## Action item:
Only lines with the word "faces" belong in the answer; copy them from the records below.

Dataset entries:
+ + + + + + +

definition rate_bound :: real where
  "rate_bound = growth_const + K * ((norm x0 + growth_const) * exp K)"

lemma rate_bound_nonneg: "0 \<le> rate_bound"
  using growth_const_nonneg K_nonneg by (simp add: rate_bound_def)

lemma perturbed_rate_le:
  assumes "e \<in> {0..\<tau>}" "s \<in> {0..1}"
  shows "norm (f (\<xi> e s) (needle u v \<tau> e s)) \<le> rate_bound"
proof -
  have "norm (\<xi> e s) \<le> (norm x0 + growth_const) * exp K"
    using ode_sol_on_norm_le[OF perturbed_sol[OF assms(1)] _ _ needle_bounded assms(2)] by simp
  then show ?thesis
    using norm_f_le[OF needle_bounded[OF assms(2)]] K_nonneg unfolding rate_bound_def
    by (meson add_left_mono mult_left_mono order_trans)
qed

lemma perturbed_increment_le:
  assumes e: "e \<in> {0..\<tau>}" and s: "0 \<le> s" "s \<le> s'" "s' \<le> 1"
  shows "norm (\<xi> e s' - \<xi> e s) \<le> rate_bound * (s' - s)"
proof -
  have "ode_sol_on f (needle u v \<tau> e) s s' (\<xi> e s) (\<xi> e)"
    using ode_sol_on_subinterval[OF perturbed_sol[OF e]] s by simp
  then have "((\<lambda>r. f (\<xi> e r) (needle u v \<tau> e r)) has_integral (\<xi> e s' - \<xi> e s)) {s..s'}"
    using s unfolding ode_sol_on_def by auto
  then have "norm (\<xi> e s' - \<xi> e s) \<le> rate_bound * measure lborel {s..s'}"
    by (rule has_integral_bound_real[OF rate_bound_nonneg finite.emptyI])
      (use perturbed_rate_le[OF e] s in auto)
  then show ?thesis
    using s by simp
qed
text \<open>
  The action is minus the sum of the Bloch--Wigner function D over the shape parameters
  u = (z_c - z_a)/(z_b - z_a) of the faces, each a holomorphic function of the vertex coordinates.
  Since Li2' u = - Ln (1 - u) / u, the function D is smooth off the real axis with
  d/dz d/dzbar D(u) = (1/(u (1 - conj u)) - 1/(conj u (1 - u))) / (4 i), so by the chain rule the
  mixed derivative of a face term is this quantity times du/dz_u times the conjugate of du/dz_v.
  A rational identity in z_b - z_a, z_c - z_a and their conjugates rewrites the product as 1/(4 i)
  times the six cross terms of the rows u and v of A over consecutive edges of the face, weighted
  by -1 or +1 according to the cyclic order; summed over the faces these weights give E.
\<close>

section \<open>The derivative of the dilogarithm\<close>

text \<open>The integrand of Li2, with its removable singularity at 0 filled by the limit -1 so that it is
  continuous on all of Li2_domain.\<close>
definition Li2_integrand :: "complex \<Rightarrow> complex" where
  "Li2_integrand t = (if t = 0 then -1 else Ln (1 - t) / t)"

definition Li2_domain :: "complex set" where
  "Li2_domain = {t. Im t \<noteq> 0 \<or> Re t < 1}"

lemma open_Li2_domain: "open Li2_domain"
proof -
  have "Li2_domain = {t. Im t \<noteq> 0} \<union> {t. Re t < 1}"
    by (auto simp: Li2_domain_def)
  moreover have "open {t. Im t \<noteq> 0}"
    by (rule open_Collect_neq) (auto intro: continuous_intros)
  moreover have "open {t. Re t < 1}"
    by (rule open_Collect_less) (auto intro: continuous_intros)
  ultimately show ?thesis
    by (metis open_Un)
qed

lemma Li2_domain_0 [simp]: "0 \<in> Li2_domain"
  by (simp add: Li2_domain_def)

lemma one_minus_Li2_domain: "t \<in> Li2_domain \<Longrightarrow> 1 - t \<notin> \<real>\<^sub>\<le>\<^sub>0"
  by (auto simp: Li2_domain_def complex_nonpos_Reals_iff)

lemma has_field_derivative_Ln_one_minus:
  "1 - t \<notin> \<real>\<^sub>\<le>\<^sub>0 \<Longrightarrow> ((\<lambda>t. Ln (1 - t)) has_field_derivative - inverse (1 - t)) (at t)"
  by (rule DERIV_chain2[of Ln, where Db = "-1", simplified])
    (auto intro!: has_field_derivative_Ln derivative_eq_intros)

+ + + + + + +

## Completed task:
  u = (z_c - z_a)/(z_b - z_a) of the faces, each a holomorphic function of the vertex coordinates.
  by -1 or +1 according to the cyclic order; summed over the faces these weights give E.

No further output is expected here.